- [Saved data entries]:
☆ ☆ ☆ ☆ ☆

definition boxes_below_diag :: "(nat \<times> nat) set \<Rightarrow> (nat \<times> nat) set" where
  "boxes_below_diag S = {(r,c) \<in> S. c < r}"

definition rot180 :: "nat \<Rightarrow> (nat \<times> nat) set \<Rightarrow> (nat \<times> nat) set" where
  "rot180 n S = (\<lambda>(r,c). (n - 1 - r, n - 1 - c)) ` S"

definition rotated_complement :: "nat \<Rightarrow> (nat \<times> nat) set \<Rightarrow> (nat \<times> nat) set" where
  "rotated_complement n lam = rot180 n (square n - lam)"

text \<open>Hook decomposition of a Young diagram rho: the i-th hook has its corner at the
  diagonal box (i,i); it is (a,1^b) with a = number of boxes of rho in row i from column i on
  (corner included), b = number of boxes of rho in column i strictly below row i.\<close>
definition durfee :: "(nat \<times> nat) set \<Rightarrow> nat" where
  "durfee rho = card {i. (i,i) \<in> rho}"

definition hook_arm :: "(nat \<times> nat) set \<Rightarrow> nat \<Rightarrow> nat" where
  "hook_arm rho i = card {c. i \<le> c \<and> (i,c) \<in> rho}"

definition hook_leg :: "(nat \<times> nat) set \<Rightarrow> nat \<Rightarrow> nat" where
  "hook_leg rho i = card {r. i < r \<and> (r,i) \<in> rho}"

definition hook_decomposition :: "(nat \<times> nat) set \<Rightarrow> (nat \<times> nat) list" where
  "hook_decomposition rho = map (\<lambda>i. (hook_arm rho i, hook_leg rho i)) [0..<durfee rho]"

definition placed_hook :: "nat \<Rightarrow> nat \<Rightarrow> nat \<Rightarrow> (nat \<times> nat) set" where
  "placed_hook n a b = {(r,c). r = n - 1 \<and> n - a \<le> c \<and> c < n}
                     \<union> {(r,c). c = n - 1 \<and> n - 1 - b \<le> r \<and> r < n}"

definition hook_diagram :: "nat \<Rightarrow> nat \<times> nat \<Rightarrow> (nat \<times> nat) set" where
  "hook_diagram n ab = square n - placed_hook n (fst ab) (snd ab)"

text \<open>Face labels of the co-rectangles plabic graph: (n^a, b^(n-a)).\<close>
definition corect_label :: "nat \<Rightarrow> nat \<Rightarrow> nat \<Rightarrow> (nat \<times> nat) set" where
  "corect_label n a b = {(r,c) \<in> square n. r < a \<or> c < b}"

text \<open>Diagonals of slope -1 are the sets c - r = const.  maxdiag S is the maximal number of
  boxes of S on one such diagonal (0 for the empty set).\<close>
definition diag_count :: "(nat \<times> nat) set \<Rightarrow> int \<Rightarrow> nat" where
  "diag_count S d = card {(r,c) \<in> S. int c - int r = d}"

definition maxdiag :: "(nat \<times> nat) set \<Rightarrow> nat" where
  "maxdiag S = Max (insert 0 (diag_count S ` {int c - int r | r c. (r,c) \<in> S}))"

end

theory Submission
  imports Defs
begin

(* Rotating the square by 180 degrees turns mu - lambda into rho - R, where rho is the rotated
   complement of lambda (a Young diagram) and R is the (n-a) x (n-b) rectangle in the top left
   corner.  Call the i-th hook of rho exceeding if, moved so that its corner is at (0,0), it does
   not fit into R.  The boxes of rho - R on any one diagonal are sent injectively to exceeding
   hooks, while on one of the two diagonals through the corners (0, n-b) and (n-a, 0) of R every
   exceeding hook contributes a box; so maxdiag (mu - lambda) is the number of exceeding hooks.
   A hook placed in the bottom right corner has at most one box on each diagonal, so the i-th
   summand is 1 or 0 according as the placed hook meets mu or not, i.e. as the i-th hook is
   exceeding or not. *)

lemma young_diagram_downward:
  "young_diagram n rho \<Longrightarrow> (r, c) \<in> rho \<Longrightarrow> r' \<le> r \<Longrightarrow> c' \<le> c \<Longrightarrow> (r', c') \<in> rho"
  unfolding young_diagram_def by blast

lemma young_diagram_bounded: "young_diagram n rho \<Longrightarrow> (r, c) \<in> rho \<Longrightarrow> r < n \<and> c < n"
  unfolding young_diagram_def square_def by blast

lemma finite_square: "finite (square n)"
  unfolding square_def by (rule finite_subset[of _ "{..<n} \<times> {..<n}"]) auto

lemma young_diagram_finite: "young_diagram n rho \<Longrightarrow> finite rho"
  unfolding young_diagram_def using finite_square finite_subset by blast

☆ ☆ ☆ ☆ ☆

- [Exercise]: Print the entries exactly.

- [Expected answer]:
definition boxes_below_diag :: "(nat \<times> nat) set \<Rightarrow> (nat \<times> nat) set" where
  "boxes_below_diag S = {(r,c) \<in> S. c < r}"

definition rot180 :: "nat \<Rightarrow> (nat \<times> nat) set \<Rightarrow> (nat \<times> nat) set" where
  "rot180 n S = (\<lambda>(r,c). (n - 1 - r, n - 1 - c)) ` S"

definition rotated_complement :: "nat \<Rightarrow> (nat \<times> nat) set \<Rightarrow> (nat \<times> nat) set" where
  "rotated_complement n lam = rot180 n (square n - lam)"

text \<open>Hook decomposition of a Young diagram rho: the i-th hook has its corner at the
  diagonal box (i,i); it is (a,1^b) with a = number of boxes of rho in row i from column i on
  (corner included), b = number of boxes of rho in column i strictly below row i.\<close>
definition durfee :: "(nat \<times> nat) set \<Rightarrow> nat" where
  "durfee rho = card {i. (i,i) \<in> rho}"

definition hook_arm :: "(nat \<times> nat) set \<Rightarrow> nat \<Rightarrow> nat" where
  "hook_arm rho i = card {c. i \<le> c \<and> (i,c) \<in> rho}"

definition hook_leg :: "(nat \<times> nat) set \<Rightarrow> nat \<Rightarrow> nat" where
  "hook_leg rho i = card {r. i < r \<and> (r,i) \<in> rho}"

definition hook_decomposition :: "(nat \<times> nat) set \<Rightarrow> (nat \<times> nat) list" where
  "hook_decomposition rho = map (\<lambda>i. (hook_arm rho i, hook_leg rho i)) [0..<durfee rho]"

definition placed_hook :: "nat \<Rightarrow> nat \<Rightarrow> nat \<Rightarrow> (nat \<times> nat) set" where
  "placed_hook n a b = {(r,c). r = n - 1 \<and> n - a \<le> c \<and> c < n}
                     \<union> {(r,c). c = n - 1 \<and> n - 1 - b \<le> r \<and> r < n}"

definition hook_diagram :: "nat \<Rightarrow> nat \<times> nat \<Rightarrow> (nat \<times> nat) set" where
  "hook_diagram n ab = square n - placed_hook n (fst ab) (snd ab)"

text \<open>Face labels of the co-rectangles plabic graph: (n^a, b^(n-a)).\<close>
definition corect_label :: "nat \<Rightarrow> nat \<Rightarrow> nat \<Rightarrow> (nat \<times> nat) set" where
  "corect_label n a b = {(r,c) \<in> square n. r < a \<or> c < b}"

text \<open>Diagonals of slope -1 are the sets c - r = const.  maxdiag S is the maximal number of
  boxes of S on one such diagonal (0 for the empty set).\<close>
definition diag_count :: "(nat \<times> nat) set \<Rightarrow> int \<Rightarrow> nat" where
  "diag_count S d = card {(r,c) \<in> S. int c - int r = d}"

definition maxdiag :: "(nat \<times> nat) set \<Rightarrow> nat" where
  "maxdiag S = Max (insert 0 (diag_count S ` {int c - int r | r c. (r,c) \<in> S}))"

end

theory Submission
  imports Defs
begin

(* Rotating the square by 180 degrees turns mu - lambda into rho - R, where rho is the rotated
   complement of lambda (a Young diagram) and R is the (n-a) x (n-b) rectangle in the top left
   corner.  Call the i-th hook of rho exceeding if, moved so that its corner is at (0,0), it does
   not fit into R.  The boxes of rho - R on any one diagonal are sent injectively to exceeding
   hooks, while on one of the two diagonals through the corners (0, n-b) and (n-a, 0) of R every
   exceeding hook contributes a box; so maxdiag (mu - lambda) is the number of exceeding hooks.
   A hook placed in the bottom right corner has at most one box on each diagonal, so the i-th
   summand is 1 or 0 according as the placed hook meets mu or not, i.e. as the i-th hook is
   exceeding or not. *)

lemma young_diagram_downward:
  "young_diagram n rho \<Longrightarrow> (r, c) \<in> rho \<Longrightarrow> r' \<le> r \<Longrightarrow> c' \<le> c \<Longrightarrow> (r', c') \<in> rho"
  unfolding young_diagram_def by blast

lemma young_diagram_bounded: "young_diagram n rho \<Longrightarrow> (r, c) \<in> rho \<Longrightarrow> r < n \<and> c < n"
  unfolding young_diagram_def square_def by blast

lemma finite_square: "finite (square n)"
  unfolding square_def by (rule finite_subset[of _ "{..<n} \<times> {..<n}"]) auto

lemma young_diagram_finite: "young_diagram n rho \<Longrightarrow> finite rho"
  unfolding young_diagram_def using finite_square finite_subset by blast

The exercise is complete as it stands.